September 26, 2007 @ 16:50
1 in 166 children are Autistic. Some studies say 1 in 150.
Let’s just be really generous for a moment and call it 1 in 200 for this argument’s sake.
That means in my boys’ school district alone, there could be as many as 45 children with this diagnosis. I live in what would be considered a small town.
There are approximately 2 hundred thousand children in our state between the ages of 1 and 5, that could mean as many as 1 thousand children. Now that’s just in that age group, there are another thousand between the ages of 5 and 9, and another thousand between the ages of 9 and 14. Three thousand children . . . How many of them were or will be left behind, do you think?
After age 7, it is believed that it is too late.

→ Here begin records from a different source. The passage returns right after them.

lemma Cn_derivs_IL_step:
  assumes C: "Cn_derivs n a b v Dv" and "j < n" "x \<in> {a..b}" "\<gamma> > 0"
  shows "IL a (Dv j) \<gamma> x = Dv j x - Dv j a * exp (-\<gamma>*(x-a)) - IL a (Dv (Suc j)) \<gamma> x / \<gamma>"
proof -
  have "IL a (Dv (Suc j)) \<gamma> x = \<gamma> * (Dv j x - Dv j a * exp (-\<gamma>*(x-a))) - \<gamma> * IL a (Dv j) \<gamma> x"
    using assms Cn_derivs_deriv[OF C] by (intro IL_by_parts) auto
  then show ?thesis using \<open>\<gamma> > 0\<close> by (simp add: field_simps)
qed

lemma Cn_derivs_IR_step:
  assumes C: "Cn_derivs n a b v Dv" and "j < n" "x \<in> {a..b}" "\<gamma> > 0"
  shows "IR b (Dv j) \<gamma> x = Dv j x - Dv j b * exp (-\<gamma>*(b-x)) + IR b (Dv (Suc j)) \<gamma> x / \<gamma>"
proof -
  have "IR b (Dv (Suc j)) \<gamma> x = \<gamma> * (Dv j b * exp (-\<gamma>*(b-x)) - Dv j x) + \<gamma> * IR b (Dv j) \<gamma> x"
    using assms Cn_derivs_deriv[OF C] by (intro IR_by_parts) auto
  then show ?thesis using \<open>\<gamma> > 0\<close> by (simp add: field_simps)
qed

lemma DL_expansion:
  assumes C: "Cn_derivs n a b v Dv" and x: "x \<in> {a..b}" and "\<gamma> > 0"
  shows "m + 1 \<le> n \<Longrightarrow> DL a Ca v \<gamma> x =
          - (\<Sum>p=1..m. (-1/\<gamma>)^p * (Dv p x - Dv p a * exp (-\<gamma>*(x-a))))
          - (-1/\<gamma>)^(m+1) * IL a (Dv (m+1)) \<gamma> x + Ca * exp (-\<gamma>*(x-a))"
proof (induction m)
  case 0
  have v: "\<And>y. y \<in> {a..b} \<Longrightarrow> v y = Dv 0 y" using C unfolding Cn_derivs_def by auto
  have "IL a v \<gamma> x = IL a (Dv 0) \<gamma> x" using v x by (intro IL_cong) auto
  then show ?case
    using x v[of x] v[of a] Cn_derivs_IL_step[OF C _ x \<open>\<gamma> > 0\<close>, of 0] 0 \<open>\<gamma> > 0\<close>
    unfolding DL_def by (simp add: field_simps)
next
  case (Suc m)
  have step: "IL a (Dv (m+1)) \<gamma> x = Dv (m+1) x - Dv (m+1) a * exp (-\<gamma>*(x-a)) - IL a (Dv (m+2)) \<gamma> x / \<gamma>"
    using Cn_derivs_IL_step[OF C _ x \<open>\<gamma> > 0\<close>, of "m+1"] Suc.prems by simp
  show ?case
    unfolding Suc.IH[OF Suc_leD[OF Suc.prems[unfolded add_Suc]]] step using \<open>\<gamma> > 0\<close>
    by (simp add: field_simps sum.cl_ivl_Suc)
qed

lemma DR_expansion:
  assumes C: "Cn_derivs n a b v Dv" and x: "x \<in> {a..b}" and "\<gamma> > 0"
  shows "m + 1 \<le> n \<Longrightarrow> DR b Cb v \<gamma> x =
          - (\<Sum>p=1..m. (1/\<gamma>)^p * (Dv p x - Dv p b * exp (-\<gamma>*(b-x))))
          - (1/\<gamma>)^(m+1) * IR b (Dv (m+1)) \<gamma> x + Cb * exp (-\<gamma>*(b-x))"
proof (induction m)
  case 0
  have v: "\<And>y. y \<in> {a..b} \<Longrightarrow> v y = Dv 0 y" using C unfolding Cn_derivs_def by auto
  have "IR b v \<gamma> x = IR b (Dv 0) \<gamma> x" using v x by (intro IR_cong) auto
  then show ?case
    using x v[of x] v[of b] Cn_derivs_IR_step[OF C _ x \<open>\<gamma> > 0\<close>, of 0] 0 \<open>\<gamma> > 0\<close>
    unfolding DR_def by (simp add: field_simps)
next
  case (Suc m)
  have step: "IR b (Dv (m+1)) \<gamma> x = Dv (m+1) x - Dv (m+1) b * exp (-\<gamma>*(b-x)) + IR b (Dv (m+2)) \<gamma> x / \<gamma>"
    using Cn_derivs_IR_step[OF C _ x \<open>\<gamma> > 0\<close>, of "m+1"] Suc.prems by simp
  show ?case
    unfolding Suc.IH[OF Suc_leD[OF Suc.prems[unfolded add_Suc]]] step using \<open>\<gamma> > 0\<close>
    by (simp add: field_simps sum.cl_ivl_Suc)
qed

lemma I0_two_steps:
  assumes C: "Cn_derivs n a b v Dv" and "j + 2 \<le> n" "\<gamma> > 0"
  obtains \<alpha> \<beta> where "\<forall>y\<in>{a..b}. I0 a b (Dv j) \<gamma> y =
    Dv j y + \<alpha> * exp (-\<gamma>*(y-a)) + \<beta> * exp (-\<gamma>*(b-y)) + (1/\<gamma>)^2 * I0 a b (Dv (j+2)) \<gamma> y"
proof
  show "\<forall>y\<in>{a..b}. I0 a b (Dv j) \<gamma> y = Dv j y
      + (- Dv j a / 2 + Dv (Suc j) a / (2*\<gamma>)) * exp (-\<gamma>*(y-a))
      + (- Dv j b / 2 - Dv (Suc j) b / (2*\<gamma>)) * exp (-\<gamma>*(b-y))
      + (1/\<gamma>)^2 * I0 a b (Dv (j+2)) \<gamma> y"
    using assms
    by (simp add: I0_eq_IL_IR Cn_derivs_continuous[OF C] Cn_derivs_IL_step[OF C]
        Cn_derivs_IR_step[OF C] field_simps power2_eq_square)
qed

text \<open>h minus the combination of e^(-\<gamma>(x-a)) and e^(-\<gamma>(b-x)) that agrees with h at a and b.\<close>
definition bdry_free :: "real \<Rightarrow> real \<Rightarrow> (real \<Rightarrow> real) \<Rightarrow> real \<Rightarrow> real \<Rightarrow> real" where
  "bdry_free a b h \<gamma> x = h x
     + (exp (-\<gamma>*(b-a)) * h b - h a) / (1 - exp (-\<gamma>*(b-a))^2) * exp (-\<gamma>*(x-a))
     + (exp (-\<gamma>*(b-a)) * h a - h b) / (1 - exp (-\<gamma>*(b-a))^2) * exp (-\<gamma>*(b-x))"

lemma one_minus_exp_neg_sq_ne_0:
  fixes t :: real
  assumes "t > 0"
  shows "1 - exp (-t)^2 \<noteq> 0"
proof -
  have "exp (-t)^2 < 1"
    using assms by (simp add: power_less_one_iff)
  then show ?thesis by simp
qed

lemma bdry_free_affine:
  assumes "a < b" "\<gamma> > 0" "x \<in> {a..b}"
    and f: "\<forall>y\<in>{a..b}. f y = g y + \<alpha> * exp (-\<gamma>*(y-a)) + \<beta> * exp (-\<gamma>*(b-y)) + c * h y"
  shows "bdry_free a b f \<gamma> x = bdry_free a b g \<gamma> x + c * bdry_free a b h \<gamma> x"
proof -
  define \<mu> where "\<mu> = exp (-\<gamma>*(b-a))"
  define d where "d = 1 - \<mu>^2"
  have "d \<noteq> 0"
    unfolding d_def \<mu>_def using assms one_minus_exp_neg_sq_ne_0[of "\<gamma>*(b-a)"] by simp
  have fx: "f x = g x + \<alpha> * exp (-\<gamma>*(x-a)) + \<beta> * exp (-\<gamma>*(b-x)) + c * h x"
    and fa: "f a = g a + \<alpha> + \<beta> * \<mu> + c * h a" and fb: "f b = g b + \<alpha> * \<mu> + \<beta> + c * h b"
    using f assms unfolding \<mu>_def by auto
  have "\<mu> * f b - f a = (\<mu> * g b - g a) + c * (\<mu> * h b - h a) - \<alpha> * d"
    "\<mu> * f a - f b = (\<mu> * g a - g b) + c * (\<mu> * h a - h b) - \<beta> * d"
    unfolding fa fb d_def by (simp_all add: algebra_simps power2_eq_square)
  then have quot: "(\<mu> * f b - f a) / d = (\<mu> * g b - g a) / d + c * ((\<mu> * h b - h a) / d) - \<alpha>"
    "(\<mu> * f a - f b) / d = (\<mu> * g a - g b) / d + c * ((\<mu> * h a - h b) / d) - \<beta>"
    using \<open>d \<noteq> 0\<close> by (simp_all add: add_divide_distrib diff_divide_distrib right_diff_distrib)
  show ?thesis
    unfolding bdry_free_def \<mu>_def[symmetric] d_def[symmetric] fx quot by (simp add: algebra_simps)
qed

lemma D0_eq_bdry_free:
  "D0 a b Ca Cb v \<gamma> x = bdry_free a b (\<lambda>y. v y - I0 a b v \<gamma> y) \<gamma> x
     - (exp (-\<gamma>*(b-a)) * Cb - Ca) / (1 - exp (-\<gamma>*(b-a))^2) * exp (-\<gamma>*(x-a))
     - (exp (-\<gamma>*(b-a)) * Ca - Cb) / (1 - exp (-\<gamma>*(b-a))^2) * exp (-\<gamma>*(b-x))"
  unfolding D0_def bdry_free_def Let_def
  by (simp add: algebra_simps diff_divide_distrib add_divide_distrib)

lemma bdry_free_I0_step:
  assumes C: "Cn_derivs n a b v Dv" and "j + 2 \<le> n" "a < b" "\<gamma> > 0" "x \<in> {a..b}"
  shows "bdry_free a b (I0 a b (Dv j) \<gamma>) \<gamma> x
    = bdry_free a b (Dv j) \<gamma> x + (1/\<gamma>)^2 * bdry_free a b (I0 a b (Dv (j+2)) \<gamma>) \<gamma> x"
proof -
  obtain \<alpha> \<beta> where "\<forall>y\<in>{a..b}. I0 a b (Dv j) \<gamma> y = Dv j y + \<alpha> * exp (-\<gamma>*(y-a))
      + \<beta> * exp (-\<gamma>*(b-y)) + (1/\<gamma>)^2 * I0 a b (Dv (j+2)) \<gamma> y"
    using I0_two_steps[OF C] assms by blast
  then show ?thesis using assms by (intro bdry_free_affine)
qed

lemma D0_expansion:
  assumes C: "Cn_derivs n a b v Dv" and "a < b" "\<gamma> > 0" "x \<in> {a..b}"
  shows "2*m + 2 \<le> n \<Longrightarrow> D0 a b Ca Cb v \<gamma> x =
      - (\<Sum>p=1..m. (1/\<gamma>)^(2*p) * bdry_free a b (Dv (2*p)) \<gamma> x)
      - (exp (-\<gamma>*(b-a)) * Cb - Ca) / (1 - exp (-\<gamma>*(b-a))^2) * exp (-\<gamma>*(x-a))
      - (exp (-\<gamma>*(b-a)) * Ca - Cb) / (1 - exp (-\<gamma>*(b-a))^2) * exp (-\<gamma>*(b-x))
      - (1/\<gamma>)^(2*m+2) * bdry_free a b (I0 a b (Dv (2*m+2)) \<gamma>) \<gamma> x"
proof (induction m)
  case 0
  have v: "\<And>y. y \<in> {a..b} \<Longrightarrow> v y = Dv 0 y" using C unfolding Cn_derivs_def by auto
  have "0 + 2 \<le> n" using 0 by simp
  from I0_two_steps[OF C this \<open>\<gamma> > 0\<close>] obtain \<alpha> \<beta>
    where I0: "\<forall>y\<in>{a..b}. I0 a b (Dv 0) \<gamma> y = Dv 0 y + \<alpha> * exp (-\<gamma>*(y-a))
      + \<beta> * exp (-\<gamma>*(b-y)) + (1/\<gamma>)^2 * I0 a b (Dv (0+2)) \<gamma> y" .
  have "\<forall>y\<in>{a..b}. v y - I0 a b v \<gamma> y = 0 + (-\<alpha>) * exp (-\<gamma>*(y-a))
      + (-\<beta>) * exp (-\<gamma>*(b-y)) + (- ((1/\<gamma>)^2)) * I0 a b (Dv (0+2)) \<gamma> y"
    using I0 v I0_cong[of a b v "Dv 0"] by auto
  then have "bdry_free a b (\<lambda>y. v y - I0 a b v \<gamma> y) \<gamma> x = bdry_free a b (\<lambda>_. 0) \<gamma> x
      + (- ((1/\<gamma>)^2)) * bdry_free a b (I0 a b (Dv (0+2)) \<gamma>) \<gamma> x"
    by (rule bdry_free_affine[OF assms(2-4)])
  moreover have "bdry_free a b (\<lambda>_. 0) \<gamma> x = 0" by (simp add: bdry_free_def)
  ultimately show ?case
    unfolding D0_eq_bdry_free by (simp add: power2_eq_square)
next
  case (Suc m)
  have "2*m + 2 \<le> n" "2*m + 2 + 2 \<le> n" using Suc.prems by simp_all
  have step: "bdry_free a b (I0 a b (Dv (2*m+2)) \<gamma>) \<gamma> x = bdry_free a b (Dv (2*m+2)) \<gamma> x
      + (1/\<gamma>)^2 * bdry_free a b (I0 a b (Dv (2*m+2+2)) \<gamma>) \<gamma> x"
    by (rule bdry_free_I0_step[OF C \<open>2*m + 2 + 2 \<le> n\<close> assms(2-4)])
  have "2 * Suc m = 2*m + 2" "2 * Suc m + 2 = 2*m + 2 + 2" by simp_all
  then show ?case
    unfolding Suc.IH[OF \<open>2*m + 2 \<le> n\<close>] step sum.cl_ivl_Suc
    by (simp add: algebra_simps power_add power2_eq_square)
qed

theorem lemma1:
  fixes a b \<gamma> Ca Cb :: real and k :: nat
    and v :: "real \<Rightarrow> real" and Dv :: "nat \<Rightarrow> real \<Rightarrow> real"
  assumes "a < b" and "\<gamma> > 0" and "k \<ge> 1"
  defines "\<mu> \<equiv> exp (-\<gamma>*(b-a))"
  shows
   "(Cn_derivs (k+1) a b v Dv \<longrightarrow>
      (\<forall>x\<in>{a..b}.
        DL a Ca v \<gamma> x =
          - (\<Sum>p=1..k. (-1/\<gamma>)^p * (Dv p x - Dv p a * exp (-\<gamma>*(x-a))))
          - (-1/\<gamma>)^(k+1) * IL a (Dv (k+1)) \<gamma> x + Ca * exp (-\<gamma>*(x-a))
      \<and> DR b Cb v \<gamma> x =
          - (\<Sum>p=1..k. (1/\<gamma>)^p * (Dv p x - Dv p b * exp (-\<gamma>*(b-x))))
          - (1/\<gamma>)^(k+1) * IR b (Dv (k+1)) \<gamma> x + Cb * exp (-\<gamma>*(b-x))))
    \<and> (Cn_derivs (2*k+2) a b v Dv \<longrightarrow>
      (\<forall>x\<in>{a..b}.
        D0 a b Ca Cb v \<gamma> x =
          - (\<Sum>p=1..k. (1/\<gamma>)^(2*p) *
               (Dv (2*p) x
                + (\<mu> * Dv (2*p) b - Dv (2*p) a) / (1 - \<mu>^2) * exp (-\<gamma>*(x-a))
                + (\<mu> * Dv (2*p) a - Dv (2*p) b) / (1 - \<mu>^2) * exp (-\<gamma>*(b-x))))
          - (\<mu> * Cb - Ca) / (1 - \<mu>^2) * exp (-\<gamma>*(x-a))
          - (\<mu> * Ca - Cb) / (1 - \<mu>^2) * exp (-\<gamma>*(b-x))
          - (1/\<gamma>)^(2*k+2) *
              (I0 a b (Dv (2*k+2)) \<gamma> x
               + (\<mu> * I0 a b (Dv (2*k+2)) \<gamma> b - I0 a b (Dv (2*k+2)) \<gamma> a) / (1 - \<mu>^2)
                   * exp (-\<gamma>*(x-a))
               + (\<mu> * I0 a b (Dv (2*k+2)) \<gamma> a - I0 a b (Dv (2*k+2)) \<gamma> b) / (1 - \<mu>^2)
                   * exp (-\<gamma>*(b-x)))))"
  using DL_expansion[OF _ _ \<open>\<gamma> > 0\<close> order_refl] DR_expansion[OF _ _ \<open>\<gamma> > 0\<close> order_refl]
    D0_expansion[OF _ assms(1,2) _ order_refl]
  unfolding bdry_free_def \<mu>_def by simp

end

No more reversal of the condition is possible.
When early intervention occurs, 50% of these children are mainstreamed. This is a disorder that most notably affects social interaction, to my mind, mainstreamed is therefore equivalent to cured.
The waiting list just to get evaluated here can take more than a year.
For something that for half of the children diagnosed early enough and treated early enough can be cured . . . there is no excuse for this . . .
How many children are lost in this back log? It is horrifying. I keep hearing about how overloaded everyone is. There just isn’t enough money to fund all the programs that are needed. And still, the White House wastes millions (maybe billions) of dollars a year. And I’m not talking about the big obvious things you might think I’m referring to. Let’s forget the war for a moment. How about the White House having a full time floral staff? When we have children in our country being lost to disease and hunger and the White House has a floral staff, shame on our government! Honestly, nobody loves Christmas more than me, but that’s all I could think of when watching those Christmas at the White House specials that HGTV runs each year, and that’s all been before my child was diagnosed. Why can’t we take the budget for all the White House parties and give it back to the care of our children. And how about all the wasted money for parking and travel and other ridiculous wastes that our “public servants” (can you hear me gagging?) eat up every year. If Hilary could make me believe that she was prepared to make those kinds of changes for our country, I’d vote for her. And if you know me, you know how big a statement that is, because I cannot stand her. Actually, I cannot stand any of them. I believe at least 95% of all politicians are leeches of the worst variety with all the moral integrity that implies. How many times have they made those promises to us and how many times have they kept them? At this point, I don’t think any of them could convince me of their sincerity on any issue.
We are one of the lucky families. Puppy got his diagnosis early enough to hopefully make a difference. We are still in the process of learning exactly where he falls on the spectrum, but he has begun therapies and is having further evaluations, as best we can get into the programs, fighting in the overwhelming tide of families that are in need of these services. We are doing everything we can to give him every opportunity to have a “normal” life. But what will happen to all of those children who fall through the cracks in our absolutely inadequate system.
So, we push. And the pushing is hard. I’m so angry today that I can barely breathe. I sat at my desk crying like a fool this morning, because some little twit in Puppy’s pediatrician’s office couldn’t care less. I’ve been waiting for almost a week now for a prescription. Yes, just a little piece of paper. I have him receiving therapies from one agency, being evaluated and followed at Children’s Hospital’s special center, and his pediatrician has to have a hand in some things still because we are, as always, bound to our health insurance companies like slaves to a ship’s hold. (Yes, I made the comparison. Be shocked at the reference if you must, but I think insurance companies, like politicians, are morally repugnant, as vile as slave traders, making their livings on the backs of us. With no more regard for our lives than they would have for livestock. I’m feeling particularly bitter today.) The doctor just has to write a prescription for an occupational therapist to conduct a Sensory Integration Dysfunction Evaluation. Simple, you would think. But on my latest phone call today I get the same thing again. Oh, gosh, what is that? I’ve told no less than three different nurses in your office what it is. Oh, gosh, she’s out today. Well why the hell didn’t she take care of it yesterday? Or the day before? Or the day BEFORE?!?! Every day that he loses is a day we will never get back. It is a very small window of opportunity we have to get him to best place he can be. And every day you let slip, you ignorant don’t-give-a-damn-about-my-child pediatrician’s office worker? That is a day of recovery you have stolen from my baby.
So here we are, with the same problem slapping us down from the bottom as from the top. When it is so clear what needs to be done, why can’t we just get it done? I know in the big picture, we are doing pretty well, but I’ve got this feeling of dread that I just can’t shake. I swear I feel like I’m standing at the bottom of a slowly filling swimming pool in concrete shoes, holding him over my head and watching the water rise, yelling to the people all around us on the sides to take him, please save him, please help us before it’s too late. And nobody seems to hear us. Or worse, nobody seems to care.